# Excel 365 - want to go back to classic view!



## Marionetto (Oct 26, 2018)

Hello everybody, this is my first post
It is not actually a technical question BUT
please tell me there is a way to go back to the classic view of MS Excel from Excel 365...
Awful and Outlook is even worse
Thanks for any advice, I almost can't work anymore


----------



## SpillerBD (Oct 26, 2018)

Classic? Just how classic are you hoping?
The newest changes (for the GUI) are to the Backstage and some minor spacing and icon changes to the ribbon.


----------



## MARK858 (Oct 28, 2018)

@Marionetto, similar question as the "Classic" menu to me refers to the menu last used in Excel 2003. Is that what you mean?
If yes then there are various addins that work up to 2016 (haven't tried it with 365) but I wouldn't change it as they will never go back to it so better to get used to the ribbon.


----------



## Marionetto (Oct 29, 2018)

SpillerBD said:


> Classic? Just how classic are you hoping?
> The newest changes (for the GUI) are to the Backstage and some minor spacing and icon changes to the ribbon.

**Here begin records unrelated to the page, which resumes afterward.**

(* Let $\mathcal{G}=(V,D,B)$ be a mixed graph, and let $C_1,\dots,C_l$ be the vertex sets of the connected components of its bidirected part $\mathcal{G}_\leftrightarrow=(V,\emptyset,B)$. Then $\tau(\mathcal{G})\le\max_{j=1,\dots,l}|\mathrm{Pa}(C_j)|$; that is, if $n\ge\max_j|\mathrm{Pa}(C_j)|$ then $\hat\ell(\mathcal{G}\mid S_{0,n})<\infty$ almost surely.
   Context: A mixed graph is a triple $\mathcal{G}=(V,D,B)$ with $V=\{1,\dots,p\}$, $D\subseteq V\times V$ directed edges $i\to j$ (no self-loops), and $B$ a set of 2-element subsets of $V$ (bidirected edges). $\mathrm{pa}(j)=\{k: k\to j\in D\}$ and $\mathrm{Pa}(A)=A\cup\bigcup_{i\in A}\mathrm{pa}(i)$. $\mathbb{R}^D_{\mathrm{reg}}$ is the set of real $p\times p$ matrices $\Lambda$ with $\lambda_{ij}=0$ whenever $i\to j\notin D$ and $I-\Lambda$ invertible; $PD(B)$ is the set of positive definite $\Omega$ with $\omega_{ij}=0$ for $i\neq j$, $\{i,j\}\notin B$; $PD(\mathcal{G})=\{(I-\Lambda)^{-T}\Omega(I-\Lambda)^{-1}:\Lambda\in\mathbb{R}^D_{\mathrm{reg}},\Omega\in PD(B)\}$. For an i.i.d. sample $X^{(1)},\dots,X^{(n)}$ from an absolutely continuous distribution on $\mathbb{R}^p$, $S_{0,n}=\frac1n\sum_s X^{(s)}(X^{(s)})^T$; $\ell(\Sigma\mid S)=-\log\det\Sigma-\mathrm{trace}(\Sigma^{-1}S)$; $\hat\ell(\mathcal{G}\mid S)=\sup_{\Sigma\in PD(\mathcal{G})}\ell(\Sigma\mid S)$; $\tau(\mathcal{G})=\min\{N\in\mathbb{N}:\hat\ell(\mathcal{G}\mid S_{0,n})<\infty\text{ a.s. for all }n\ge N\}$. *)

theory Defs
  imports "HOL-Analysis.Analysis" "HOL-Probability.Probability"
begin

text \<open>Vertices V = {1..p} are modelled by a finite type 'n (p = CARD('n)).
  Directed edges D :: ('n \<times> 'n) set, (i,j) \<in> D meaning i \<rightarrow> j;
  bidirected edges B :: 'n set set (2-element subsets).\<close>

definition pa :: "('n \<times> 'n) set \<Rightarrow> 'n \<Rightarrow> 'n set" where
  "pa D j = {k. (k, j) \<in> D}"
(* Let $n\ge2$, and let $\mathcal K\subseteq\mathbb C^n$ be a subset such that for every $V\in\mathcal Z_n$ the set $\mathcal K\cap P^{-1}(V)$ has exactly one element; let $K:=(P|_{\mathcal K})^{-1}:\mathcal Z_n\to\mathbb C^n$. Then $K$ is continuous from $(\mathcal Z_n,d_F)$ to $(\mathbb C^n,d_\infty)$ if and only if $\mathcal K$ is closed in $(\mathbb C^n,d_\infty)$.
   Context: $\mathcal Z_n$ denotes the family of all multisets of complex numbers with exactly $n$ elements counted with multiplicity, with metric $d_F(U,V):=\min_{\tau\in\Pi_n}\max_{1\le j\le n}|u_j-v_{\tau(j)}|$ for $U=\{u_1,\dots,u_n\}$, $V=\{v_1,\dots,v_n\}$, where $\Pi_n$ is the set of permutations of $\{1,\dots,n\}$. $\mathbb C^n$ carries the metric $d_\infty(\mathbf u,\mathbf v)=\max_j|u_j-v_j|$. The map $P:\mathbb C^n\to\mathcal Z_n$ sends $(v_1,\dots,v_n)$ to the multiset $\{v_1,\dots,v_n\}$ (with multiplicities). *)

theory Defs
  imports "HOL-Analysis.Analysis" "HOL-Library.Multiset" "HOL-Combinatorics.Permutations"
begin

definition Cn :: "nat \<Rightarrow> complex list set" where
  "Cn n = {v. length v = n}"

definition Zn :: "nat \<Rightarrow> complex multiset set" where
  "Zn n = {U. size U = n}"

definition dinf :: "complex list \<Rightarrow> complex list \<Rightarrow> real" where
  "dinf u v = (MAX j\<in>{..<length u}. cmod (u ! j - v ! j))"

definition P :: "complex list \<Rightarrow> complex multiset" where
  "P v = mset v"

definition enum :: "complex multiset \<Rightarrow> complex list" where
  "enum U = (SOME u. mset u = U)"

definition dF :: "nat \<Rightarrow> complex multiset \<Rightarrow> complex multiset \<Rightarrow> real" where
  "dF n U V = (MIN \<tau>\<in>{\<tau>. \<tau> permutes {..<n}}. MAX j\<in>{..<n}. cmod (enum U ! j - enum V ! \<tau> j))"

definition metric_continuous ::
  "'a set \<Rightarrow> ('a \<Rightarrow> 'a \<Rightarrow> real) \<Rightarrow> 'b set \<Rightarrow> ('b \<Rightarrow> 'b \<Rightarrow> real) \<Rightarrow> ('a \<Rightarrow> 'b) \<Rightarrow> bool" where
  "metric_continuous A dA B dB f \<longleftrightarrow>
     (\<forall>x\<in>A. f x \<in> B) \<and>
     (\<forall>x\<in>A. \<forall>\<epsilon>>0. \<exists>\<delta>>0. \<forall>y\<in>A. dA x y < \<delta> \<longrightarrow> dB (f x) (f y) < \<epsilon>)"

definition metric_closed :: "'a set \<Rightarrow> ('a \<Rightarrow> 'a \<Rightarrow> real) \<Rightarrow> 'a set \<Rightarrow> bool" where
  "metric_closed A d S \<longleftrightarrow> S \<subseteq> A \<and>
     (\<forall>x\<in>A - S. \<exists>\<epsilon>>0. \<forall>y\<in>A. d x y < \<epsilon> \<longrightarrow> y \<notin> S)"

definition Kinv :: "complex list set \<Rightarrow> complex multiset \<Rightarrow> complex list" where
  "Kinv KK V = (THE v. v \<in> KK \<and> P v = V)"

end

theory Submission
  imports Defs
begin

text \<open>
  The fibre of \<open>P\<close> over \<open>V\<close> is finite, and \<open>d\<^sub>F(V, P u) < d\<close> holds exactly when some
  enumeration of \<open>V\<close> lies within \<open>d\<close> of \<open>u\<close>.
  If \<open>\<K>\<close> is closed, the finitely many enumerations of \<open>V\<close> outside \<open>\<K>\<close> keep a common
  positive distance from \<open>\<K>\<close>; an enumeration of \<open>V\<close> close to \<open>K(U)\<close> is therefore
  in \<open>\<K>\<close>, i.e. it is \<open>K(V)\<close>, which gives continuity.
  Conversely, if \<open>x \<notin> \<K>\<close> then \<open>K(P x) \<noteq> x\<close>, and continuity of \<open>K\<close> at \<open>P x\<close> forces every
  \<open>y \<in> \<K>\<close> near \<open>x\<close> (so \<open>K(P y) = y\<close>) to be near \<open>K(P x)\<close> as well, which is impossible
  for \<open>y\<close> close enough to \<open>x\<close>.
\<close>

lemma dinf_ge:
  assumes "j < length u"
  shows "cmod (u ! j - v ! j) \<le> dinf u v"
  using assms unfolding dinf_def by (intro Max_ge) auto

lemma dinf_le_iff:
  assumes "0 < length u"
  shows "dinf u v \<le> r \<longleftrightarrow> (\<forall>j<length u. cmod (u ! j - v ! j) \<le> r)"
  using assms unfolding dinf_def by (subst Max_le_iff) auto

lemma dinf_commute:
  assumes "length u = length v"
  shows "dinf u v = dinf v u"
  using assms by (simp add: dinf_def norm_minus_commute)

lemma dinf_triangle:
  assumes "0 < length u" "length v = length u" "length w = length u"
  shows "dinf u w \<le> dinf u v + dinf v w"
proof (subst dinf_le_iff[OF assms(1)], intro allI impI)
  fix j assume j: "j < length u"
  have "cmod (u ! j - w ! j) \<le> cmod (u ! j - v ! j) + cmod (v ! j - w ! j)"
    using norm_triangle_ineq[of "u ! j - v ! j" "v ! j - w ! j"] by simp
  also have "\<dots> \<le> dinf u v + dinf v w"
    using dinf_ge[OF j, of v] dinf_ge[of j v w] j assms(2) by simp
  finally show "cmod (u ! j - w ! j) \<le> dinf u v + dinf v w" .
qed

lemma dinf_pos:
  assumes "length u = length v" "u \<noteq> v"
  shows "0 < dinf u v"
proof -
  obtain j where j: "j < length u" "u ! j \<noteq> v ! j"
    using assms nth_equalityI by metis
  then have "0 < cmod (u ! j - v ! j)" by simp
  then show ?thesis
    using dinf_ge[OF j(1), of v] by linarith
qed

lemma dinf_permute_list:
  assumes "p permutes {..<length u}" "length v = length u"
  shows "dinf (permute_list p u) (permute_list p v) = dinf u v"
proof -
  let ?f = "\<lambda>j. cmod (u ! j - v ! j)"
  have "(\<lambda>j. cmod (permute_list p u ! j - permute_list p v ! j)) ` {..<length u}
      = ?f ` (p ` {..<length u})"
    using assms by (auto simp: permute_list_nth image_image intro!: image_cong)
  then show ?thesis
    using permutes_image[OF assms(1)] by (simp add: dinf_def)
qed

lemma mset_enum: "mset (enum U) = U"
  unfolding enum_def by (rule someI_ex) (metis ex_mset)

lemma length_enum: "length (enum U) = size U"
  by (metis mset_enum size_mset)

lemma fibre_eq_permute_enum:
  assumes "size V = n"
  shows "{v. mset v = V} = (\<lambda>\<tau>. permute_list \<tau> (enum V)) ` {\<tau>. \<tau> permutes {..<n}}"
proof (intro set_eqI iffI)
  fix v assume "v \<in> {v. mset v = V}"
  then have "mset v = mset (enum V)"
    by (simp add: mset_enum)
  then obtain \<tau> where "\<tau> permutes {..<length (enum V)}" "permute_list \<tau> (enum V) = v"
    by (rule mset_eq_permutation)
  then show "v \<in> (\<lambda>\<tau>. permute_list \<tau> (enum V)) ` {\<tau>. \<tau> permutes {..<n}}"
    using assms by (auto simp: length_enum)
qed (use assms in \<open>auto simp: length_enum mset_enum\<close>)

lemma finite_fibre: "finite {v. mset v = (V :: complex multiset)}"
  using fibre_eq_permute_enum[OF refl, of V] finite_permutations[of "{..<size V}"] by simp

lemma dF_eq_Min:
  assumes "size U = n" "size V = n"
  shows "dF n U V = Min (dinf (enum U) ` {v. mset v = V})"
proof -
  have "(MAX j\<in>{..<n}. cmod (enum U ! j - enum V ! \<tau> j)) = dinf (enum U) (permute_list \<tau> (enum V))"
    if "\<tau> \<in> {\<tau>. \<tau> permutes {..<n}}" for \<tau>
    using that assms by (simp add: dinf_def length_enum permute_list_nth)
  then have "dF n U V = Min ((\<lambda>\<tau>. dinf (enum U) (permute_list \<tau> (enum V))) ` {\<tau>. \<tau> permutes {..<n}})"
    unfolding dF_def by (intro arg_cong[where f = Min] image_cong[OF refl])
  then show ?thesis
    by (simp add: fibre_eq_permute_enum[OF assms(2)] image_image)
qed

lemma dF_mset_less_iff:
  assumes "length u = n" "size V = n"
  shows "dF n V (mset u) < d \<longleftrightarrow> (\<exists>v. mset v = V \<and> dinf v u < d)"
proof
  assume "dF n V (mset u) < d"
  then have Min_less: "Min (dinf (enum V) ` {v. mset v = mset u}) < d"
    using assms by (simp add: dF_eq_Min)
  have "Min (dinf (enum V) ` {v. mset v = mset u}) \<in> dinf (enum V) ` {v. mset v = mset u}"
    using finite_fibre by (intro Min_in) blast+
  then obtain w where w: "mset w = mset u" "dinf (enum V) w < d"
    using Min_less by force
  obtain q where q: "q permutes {..<length w}" "permute_list q w = u"
    using mset_eq_permutation[OF w(1)[symmetric]] .
  have "length w = length u"
    using arg_cong[OF w(1), of size] by simp
  then have len: "length (enum V) = length w"
    using assms by (simp add: length_enum)
  have "mset (permute_list q (enum V)) = V"
    using q(1) len by (simp add: mset_enum)
  moreover have "dinf (permute_list q (enum V)) (permute_list q w) = dinf (enum V) w"
    using q(1) len by (intro dinf_permute_list) simp_all
  ultimately show "\<exists>v. mset v = V \<and> dinf v u < d"
    using w(2) q(2) by metis
next
  assume "\<exists>v. mset v = V \<and> dinf v u < d"
  then obtain v where v: "mset v = V" "dinf v u < d" by blast
  obtain p where p: "p permutes {..<length v}" "permute_list p v = enum V"
    using mset_eq_permutation[of "enum V" v] v(1) by (metis mset_enum)
  have len: "length u = length v"
    using assms v(1) by (metis size_mset)
  have "dF n V (mset u) \<le> dinf (enum V) (permute_list p u)"
    unfolding dF_eq_Min[OF assms(2) size_mset[of u, unfolded assms(1)]]
    using p len finite_fibre by (intro Min_le) auto
  also have "\<dots> = dinf v u"
    using p len dinf_permute_list[of p v u] by simp
  finally show "dF n V (mset u) < d" using v(2) by simp
qed

lemma metric_closed_finite_avoid:
  assumes "metric_closed A d S" "finite W" "W \<subseteq> A - S"
  shows "\<exists>e>0. \<forall>w\<in>W. \<forall>y\<in>A. d w y < e \<longrightarrow> y \<notin> S"
proof -
  obtain r where r: "\<forall>w\<in>W. 0 < r w \<and> (\<forall>y\<in>A. d w y < r w \<longrightarrow> y \<notin> S)"
    using assms(1,3) unfolding metric_closed_def by (metis subsetD)
  define e where "e = Min (insert 1 (r ` W))"
  have "0 < e"
    using assms(2) r by (simp add: e_def)
  moreover have "e \<le> r w" if "w \<in> W" for w
    using assms(2) that by (simp add: e_def)
  ultimately show ?thesis
    using r by fastforce
qed

context
  fixes n :: nat and KK :: "complex list set"
  assumes KK_subset: "KK \<subseteq> Cn n"
    and unique_in_fibre: "\<forall>V\<in>Zn n. \<exists>!v. v \<in> KK \<inter> {u \<in> Cn n. P u = V}"
begin

lemma length_if_in_KK: "v \<in> KK \<Longrightarrow> length v = n"
  using KK_subset by (auto simp: Cn_def)

lemma ex1_in_KK_fibre:
  assumes "size V = n"
  shows "\<exists>!v. v \<in> KK \<and> mset v = V"
proof -
  have "\<exists>!v. v \<in> KK \<inter> {u \<in> Cn n. P u = V}"
    using unique_in_fibre assms by (simp add: Zn_def)
  moreover have "v \<in> KK \<inter> {u \<in> Cn n. P u = V} \<longleftrightarrow> v \<in> KK \<and> mset v = V" for v
    using KK_subset by (auto simp: P_def)
  ultimately show ?thesis by simp
qed

lemma Kinv_in_KK_fibre:
  assumes "size V = n"
  shows "Kinv KK V \<in> KK" "mset (Kinv KK V) = V"
  using theI'[OF ex1_in_KK_fibre[OF assms]] by (simp_all add: Kinv_def P_def)

lemma Kinv_mset:
  assumes "v \<in> KK"
  shows "Kinv KK (mset v) = v"
  unfolding Kinv_def P_def
  using assms length_if_in_KK ex1_in_KK_fibre[of "mset v"] by (intro the1_equality) auto

lemma continuous_if_closed:
  assumes closed: "metric_closed (Cn n) dinf KK"
  shows "metric_continuous (Zn n) (dF n) (Cn n) dinf (Kinv KK)"
  unfolding metric_continuous_def
proof (intro conjI ballI allI impI)
  fix V assume "V \<in> Zn n"
  then have "Kinv KK V \<in> KK"
    by (intro Kinv_in_KK_fibre) (simp add: Zn_def)
  then show "Kinv KK V \<in> Cn n"
    using KK_subset by blast
next
  fix V and \<epsilon> :: real assume V: "V \<in> Zn n" and "0 < \<epsilon>"
  have sV: "size V = n" using V by (simp add: Zn_def)
  have "{v. mset v = V} - KK \<subseteq> Cn n - KK"
    using sV by (auto simp: Cn_def)
  then obtain r where "0 < r"
    and r: "\<forall>w\<in>{v. mset v = V} - KK. \<forall>y\<in>Cn n. dinf w y < r \<longrightarrow> y \<notin> KK"
    using metric_closed_finite_avoid[OF closed finite_Diff[OF finite_fibre]] by blast
  show "\<exists>\<delta>>0. \<forall>U\<in>Zn n. dF n V U < \<delta> \<longrightarrow> dinf (Kinv KK V) (Kinv KK U) < \<epsilon>"
  proof (intro exI[of _ "min r \<epsilon>"] conjI ballI impI)
    show "0 < min r \<epsilon>" using \<open>0 < r\<close> \<open>0 < \<epsilon>\<close> by simp
    fix U assume U: "U \<in> Zn n" "dF n V U < min r \<epsilon>"
    have sU: "size U = n" using U(1) by (simp add: Zn_def)
    define u where "u = Kinv KK U"
    have u: "u \<in> KK" "mset u = U"
      unfolding u_def using Kinv_in_KK_fibre[OF sU] by simp_all
    then have "length u = n" "u \<in> Cn n"
      using length_if_in_KK KK_subset by blast+
    then obtain w where w: "mset w = V" "dinf w u < min r \<epsilon>"
      using U(2) dF_mset_less_iff[OF _ sV] u(2) by blast
    have "w \<in> KK"
    proof (rule ccontr)
      assume "w \<notin> KK"
      then have "u \<notin> KK"
        using r w \<open>u \<in> Cn n\<close> by simp
      then show False using u(1) by contradiction
    qed
    then have "Kinv KK V = w"
      using Kinv_mset w(1) by blast
    then show "dinf (Kinv KK V) (Kinv KK U) < \<epsilon>"
      using w(2) by (simp add: u_def)
  qed
qed

lemma closed_if_continuous:
  assumes "0 < n" and cont: "metric_continuous (Zn n) (dF n) (Cn n) dinf (Kinv KK)"
  shows "metric_closed (Cn n) dinf KK"
  unfolding metric_closed_def
proof (intro conjI KK_subset ballI)
  fix x assume "x \<in> Cn n - KK"
  then have x: "length x = n" "x \<notin> KK" by (auto simp: Cn_def)
  define v where "v = Kinv KK (mset x)"
  have "v \<in> KK"
    unfolding v_def using x(1) by (intro Kinv_in_KK_fibre) simp
  then have v: "v \<in> KK" "length v = n" "v \<noteq> x"
    using length_if_in_KK x(2) by auto
  define e where "e = dinf v x"
  have "0 < e"
    unfolding e_def using v(2,3) x(1) by (intro dinf_pos) simp_all
  then have "0 < e / 2" by simp
  moreover have "mset x \<in> Zn n"
    using x by (simp add: Zn_def)
  moreover have "\<forall>V\<in>Zn n. \<forall>\<epsilon>>0. \<exists>\<delta>>0. \<forall>U\<in>Zn n. dF n V U < \<delta> \<longrightarrow> dinf (Kinv KK V) (Kinv KK U) < \<epsilon>"
    using cont unfolding metric_continuous_def by (rule conjunct2)
  ultimately obtain \<delta> where "0 < \<delta>"
    and \<delta>: "\<forall>U\<in>Zn n. dF n (mset x) U < \<delta> \<longrightarrow> dinf v (Kinv KK U) < e / 2"
    unfolding v_def by blast
  show "\<exists>\<epsilon>>0. \<forall>y\<in>Cn n. dinf x y < \<epsilon> \<longrightarrow> y \<notin> KK"
  proof (intro exI[of _ "min \<delta> (e / 2)"] conjI ballI impI notI)
    show "0 < min \<delta> (e / 2)" using \<open>0 < \<delta>\<close> \<open>0 < e\<close> by simp
    fix y assume y: "y \<in> Cn n" "dinf x y < min \<delta> (e / 2)" and "y \<in> KK"
    have ly: "length y = n" using y(1) by (simp add: Cn_def)
    have "dF n (mset x) (mset y) < \<delta>"
      using dF_mset_less_iff[OF ly] x y(2) by auto
    moreover have "mset y \<in> Zn n"
      using ly by (simp add: Zn_def)
    ultimately have "dinf v (Kinv KK (mset y)) < e / 2"
      using \<delta> by blast
    then have "dinf v y < e / 2"
      using Kinv_mset[OF \<open>y \<in> KK\<close>] by simp
    moreover have "e \<le> dinf v y + dinf y x"
      unfolding e_def using dinf_triangle[of v y x] \<open>0 < n\<close> v(2) ly x(1) by simp
    moreover have "dinf y x < e / 2"
      using y(2) dinf_commute[of x y] ly x(1) by simp
    ultimately show False by simp
  qed
qed

end

text \<open>The hypothesis \<open>2 \<le> n\<close> is only used as \<open>0 < n\<close>; for \<open>n = 0\<close> the definition of
  \<open>dinf\<close> takes the maximum of the empty set.\<close>
theorem theorem4p1:
  fixes n :: nat and KK :: "complex list set"
  assumes "n \<ge> 2"
    and "KK \<subseteq> Cn n"
    and "\<forall>V\<in>Zn n. \<exists>!v. v \<in> KK \<inter> {u \<in> Cn n. P u = V}"
  shows "metric_continuous (Zn n) (dF n) (Cn n) dinf (Kinv KK) \<longleftrightarrow> metric_closed (Cn n) dinf KK"
proof
  have "0 < n" using assms(1) by simp
  then show "metric_continuous (Zn n) (dF n) (Cn n) dinf (Kinv KK) \<Longrightarrow> metric_closed (Cn n) dinf KK"
    using closed_if_continuous[OF assms(2,3)] by blast
  show "metric_closed (Cn n) dinf KK \<Longrightarrow> metric_continuous (Zn n) (dF n) (Cn n) dinf (Kinv KK)"
    using continuous_if_closed[OF assms(2,3)] by blast
qed

end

Thank you for your answers. For classic I mean the MS Excel 2007

To be precise you can see the previusly installed version here as per the picture below
https://ibb.co/hn6fOA


----------



## SpillerBD (Oct 29, 2018)

2007 was the odd-ball. With 2007 the file format was getting its major change and was the introduction to the Ribbon style of menus. But, Microsoft was just beginning to make those changes. When I got my hands on 2010, it took quite a bit of BP medicines before I found all the commands that got moved.

Also, 2007 did not provide a simple method of customizing a Ribbon. Now you can make your own ribbon with the commands you want and even change the order those Ribbons appear. You'll also find that there is the ability to export custom Ribbon settings and import to a different installation making it extremely easy to have multiple machines have the same customization to the ribbon.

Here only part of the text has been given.